From a technical perspective, there hasn’t been any key breaks to suggest an extension to the upside just yet. The 100-day MA @ 1.3026 and resistance region between 1.3050 and 1.3067 will prove to be tough areas for buyers to navigate through, but in times like these, it’s all about headlines rather than systematic price movements.
Looking at the near-term chart, there’s also resistance coming from the 61.8 retracement level @ 1.3042 helping to limit near-term gains in the pair and so far buyers have been unable to hold a break above the 200-hour MA (blue line). That means that a near-term bullish bias is yet to be established.

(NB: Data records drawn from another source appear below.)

lemma symmetric_chord_ratio_tendsto:
  "((\<lambda>h. norm (\<gamma> (s0 + h) - \<gamma> (s0 - h)) / (2 * h)) \<longlongrightarrow> cos (turn_angle \<gamma> s0 / 2)) (at_right 0)"
proof -
  have "((\<lambda>h. (\<gamma> s0 - \<gamma> (s0 - h)) /\<^sub>R h + (\<gamma> (s0 + h) - \<gamma> s0) /\<^sub>R h)
      \<longlongrightarrow> T_minus \<gamma> s0 + T_plus \<gamma> s0) (at_right 0)"
    by (rule tendsto_add[OF T_minus_tendsto T_plus_tendsto])
  then have "((\<lambda>h. norm ((\<gamma> s0 - \<gamma> (s0 - h)) /\<^sub>R h + (\<gamma> (s0 + h) - \<gamma> s0) /\<^sub>R h) / 2)
      \<longlongrightarrow> norm (T_minus \<gamma> s0 + T_plus \<gamma> s0) / 2) (at_right 0)"
    by (rule tendsto_divide[OF tendsto_norm tendsto_const]) simp_all
  also have "norm (T_minus \<gamma> s0 + T_plus \<gamma> s0) / 2 = cos (turn_angle \<gamma> s0 / 2)"
    unfolding turn_angle_def by (simp add: norm_add_unit_vectors norm_T_plus norm_T_minus)
  finally show ?thesis
  proof (rule Lim_transform_eventually)
    have eq: "norm ((\<gamma> s0 - \<gamma> (s0 - h)) /\<^sub>R h + (\<gamma> (s0 + h) - \<gamma> s0) /\<^sub>R h) / 2 =
        norm (\<gamma> (s0 + h) - \<gamma> (s0 - h)) / (2 * h)" if "0 < h" for h
    proof -
      have "(\<gamma> s0 - \<gamma> (s0 - h)) /\<^sub>R h + (\<gamma> (s0 + h) - \<gamma> s0) /\<^sub>R h =
          inverse h *\<^sub>R ((\<gamma> s0 - \<gamma> (s0 - h)) + (\<gamma> (s0 + h) - \<gamma> s0))"
        by (rule scaleR_add_right[symmetric])
      then show ?thesis using that by (simp add: inverse_eq_divide)
    qed
    then show "\<forall>\<^sub>F h in at_right 0. norm ((\<gamma> s0 - \<gamma> (s0 - h)) /\<^sub>R h + (\<gamma> (s0 + h) - \<gamma> s0) /\<^sub>R h) / 2 =
        norm (\<gamma> (s0 + h) - \<gamma> (s0 - h)) / (2 * h)"
      unfolding eventually_at_right_field using eq by (intro exI[of _ 1]) auto
  qed
qed

lemma tendsto_branches:
  "((\<lambda>h. \<gamma> (s0 + h)) \<longlongrightarrow> \<gamma> s0) (at_right 0)" "((\<lambda>h. \<gamma> (s0 - h)) \<longlongrightarrow> \<gamma> s0) (at_right 0)"
  using right.tendsto_at_right_0 left.tendsto_at_right_0 by simp_all

text \<open>A chord across the corner is close to \<open>h\<^sub>1 T\<^sub>- + h\<^sub>2 T\<^sub>+\<close>.\<close>
lemma chord_across_corner:
  assumes "0 < \<eta>"
  obtains \<delta> where "0 < \<delta>"
    "\<And>h\<^sub>1 h\<^sub>2. 0 < h\<^sub>1 \<Longrightarrow> h\<^sub>1 < \<delta> \<Longrightarrow> 0 < h\<^sub>2 \<Longrightarrow> h\<^sub>2 < \<delta> \<Longrightarrow>
       (cos (turn_angle \<gamma> s0 / 2) - \<eta>) * (h\<^sub>1 + h\<^sub>2) \<le> dist (\<gamma> (s0 - h\<^sub>1)) (\<gamma> (s0 + h\<^sub>2))"
proof -
  obtain \<delta>\<^sub>R where "0 < \<delta>\<^sub>R" and approx\<^sub>R: "\<And>h. 0 < h \<Longrightarrow> h < \<delta>\<^sub>R \<Longrightarrow>
      norm ((\<gamma> (s0 + h) - \<gamma> s0) - h *\<^sub>R T_plus \<gamma> s0) \<le> \<eta> * h"
    using difference_quotient_approx[OF T_plus_tendsto assms] by blast
  obtain \<delta>\<^sub>L where "0 < \<delta>\<^sub>L" and approx\<^sub>L: "\<And>h. 0 < h \<Longrightarrow> h < \<delta>\<^sub>L \<Longrightarrow>
      norm ((\<gamma> s0 - \<gamma> (s0 - h)) - h *\<^sub>R T_minus \<gamma> s0) \<le> \<eta> * h"
    using difference_quotient_approx[OF T_minus_tendsto assms] by blast
  have "(cos (turn_angle \<gamma> s0 / 2) - \<eta>) * (h\<^sub>1 + h\<^sub>2) \<le> dist (\<gamma> (s0 - h\<^sub>1)) (\<gamma> (s0 + h\<^sub>2))"
    if h: "0 < h\<^sub>1" "h\<^sub>1 < min \<delta>\<^sub>R \<delta>\<^sub>L" "0 < h\<^sub>2" "h\<^sub>2 < min \<delta>\<^sub>R \<delta>\<^sub>L" for h\<^sub>1 h\<^sub>2
  proof -
    define E\<^sub>L E\<^sub>R where "E\<^sub>L = (\<gamma> s0 - \<gamma> (s0 - h\<^sub>1)) - h\<^sub>1 *\<^sub>R T_minus \<gamma> s0"
      and "E\<^sub>R = (\<gamma> (s0 + h\<^sub>2) - \<gamma> s0) - h\<^sub>2 *\<^sub>R T_plus \<gamma> s0"
    have "cos (turn_angle \<gamma> s0 / 2) * (h\<^sub>1 + h\<^sub>2) \<le> norm (h\<^sub>1 *\<^sub>R T_minus \<gamma> s0 + h\<^sub>2 *\<^sub>R T_plus \<gamma> s0)"
      unfolding turn_angle_def using h
      by (intro cos_half_vangle_mult_le_norm norm_T_minus norm_T_plus) auto
    also have "h\<^sub>1 *\<^sub>R T_minus \<gamma> s0 + h\<^sub>2 *\<^sub>R T_plus \<gamma> s0 = (\<gamma> (s0 + h\<^sub>2) - \<gamma> (s0 - h\<^sub>1)) - (E\<^sub>L + E\<^sub>R)"
      unfolding E\<^sub>L_def E\<^sub>R_def by (simp add: algebra_simps)
    also have "norm \<dots> \<le> dist (\<gamma> (s0 - h\<^sub>1)) (\<gamma> (s0 + h\<^sub>2)) + (norm E\<^sub>L + norm E\<^sub>R)"
      using norm_triangle_ineq4[of "\<gamma> (s0 + h\<^sub>2) - \<gamma> (s0 - h\<^sub>1)" "E\<^sub>L + E\<^sub>R"] norm_triangle_ineq[of E\<^sub>L E\<^sub>R]
      by (simp add: dist_norm norm_minus_commute)
    also have "norm E\<^sub>L + norm E\<^sub>R \<le> \<eta> * (h\<^sub>1 + h\<^sub>2)"
      using approx\<^sub>L[of h\<^sub>1] approx\<^sub>R[of h\<^sub>2] h unfolding E\<^sub>L_def E\<^sub>R_def by (simp add: distrib_left)
    finally show ?thesis by (simp add: algebra_simps)
  qed
  then show ?thesis using that[of "min \<delta>\<^sub>R \<delta>\<^sub>L"] \<open>0 < \<delta>\<^sub>R\<close> \<open>0 < \<delta>\<^sub>L\<close> by simp
qed

text \<open>Chords within one branch are almost as long as the arc, and \<open>cos (\<alpha>/2) \<le> 1\<close>.\<close>
lemma chord_lower_bound:
  assumes "0 < \<eta>"
  obtains \<epsilon> where "0 < \<epsilon>" "\<epsilon> \<le> e0"
    "\<And>a b. \<bar>a\<bar> < \<epsilon> \<Longrightarrow> \<bar>b\<bar> < \<epsilon> \<Longrightarrow>
       (cos (turn_angle \<gamma> s0 / 2) - \<eta>) * \<bar>b - a\<bar> \<le> dist (\<gamma> (s0 + a)) (\<gamma> (s0 + b))"
proof -
  define c where "c = cos (turn_angle \<gamma> s0 / 2)"
  obtain \<epsilon>\<^sub>R where \<epsilon>\<^sub>R: "0 < \<epsilon>\<^sub>R" "\<epsilon>\<^sub>R \<le> e0" and R: "\<And>a b. 0 \<le> a \<Longrightarrow> a \<le> b \<Longrightarrow> b \<le> \<epsilon>\<^sub>R \<Longrightarrow>
      (1 - \<eta>) * (b - a) \<le> dist (\<gamma> (s0 + a)) (\<gamma> (s0 + b))"
    using right.chord_lower_bound[OF assms] by blast
  obtain \<epsilon>\<^sub>L where \<epsilon>\<^sub>L: "0 < \<epsilon>\<^sub>L" "\<epsilon>\<^sub>L \<le> e0" and L: "\<And>a b. 0 \<le> a \<Longrightarrow> a \<le> b \<Longrightarrow> b \<le> \<epsilon>\<^sub>L \<Longrightarrow>
      (1 - \<eta>) * (b - a) \<le> dist (\<gamma> (s0 - a)) (\<gamma> (s0 - b))"
    using left.chord_lower_bound[OF assms] by blast
  obtain \<delta> where "0 < \<delta>" and corner: "\<And>h\<^sub>1 h\<^sub>2. 0 < h\<^sub>1 \<Longrightarrow> h\<^sub>1 < \<delta> \<Longrightarrow> 0 < h\<^sub>2 \<Longrightarrow> h\<^sub>2 < \<delta> \<Longrightarrow>
      (c - \<eta>) * (h\<^sub>1 + h\<^sub>2) \<le> dist (\<gamma> (s0 - h\<^sub>1)) (\<gamma> (s0 + h\<^sub>2))"
    using chord_across_corner[OF assms] unfolding c_def by blast
  define \<epsilon> where "\<epsilon> = min (min \<epsilon>\<^sub>R \<epsilon>\<^sub>L) \<delta>"
  have "c \<le> 1" unfolding c_def by simp
  have ordered: "(c - \<eta>) * (b - a) \<le> dist (\<gamma> (s0 + a)) (\<gamma> (s0 + b))"
    if "\<bar>a\<bar> < \<epsilon>" "\<bar>b\<bar> < \<epsilon>" "a \<le> b" for a b
  proof -
    have weaker: "(c - \<eta>) * (b - a) \<le> (1 - \<eta>) * (b - a)"
      using \<open>c \<le> 1\<close> that by (intro mult_right_mono) auto
    consider "0 \<le> a" | "b \<le> 0" | "a < 0" "0 < b" by linarith
    then show ?thesis
    proof cases
      case 1
      then show ?thesis using R[of a b] weaker that by (simp add: \<epsilon>_def)
    next
      case 2
      then show ?thesis using L[of "- b" "- a"] weaker that by (simp add: \<epsilon>_def dist_commute)
    next
      case 3
      then show ?thesis using corner[of "- a" b] that by (simp add: \<epsilon>_def)
    qed
  qed
  have "(c - \<eta>) * \<bar>b - a\<bar> \<le> dist (\<gamma> (s0 + a)) (\<gamma> (s0 + b))" if "\<bar>a\<bar> < \<epsilon>" "\<bar>b\<bar> < \<epsilon>" for a b
    using ordered[of a b] ordered[of b a] that by (cases "a \<le> b") (auto simp: dist_commute)
  moreover have "0 < \<epsilon>" "\<epsilon> \<le> e0"
    using \<epsilon>\<^sub>R \<epsilon>\<^sub>L \<open>0 < \<delta>\<close> unfolding \<epsilon>_def by auto
  ultimately show ?thesis using that unfolding c_def by blast
qed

The price action here basically reflects pound sentiment or should I say Brexit sentiment in general. There are signs of progress and things are looking optimistic, but proceed with caution. That bit of cautious optimism is helping to keep the pound bid but not too much for the time being.
As mentioned earlier here, there are reasons to believe why the optimism now may be tempered with once a Brexit deal comes to a meaningful vote in parliament. So, unless headlines help enable a break above those key resistance levels, expect pound gains to level off around the highs yesterday.
I still expect the pound to benefit off good news such as when Cabinet signs off on the Brexit text and a summit is called for late November. However, be wary of the fact it doesn’t mean that a deal is in the bag just yet.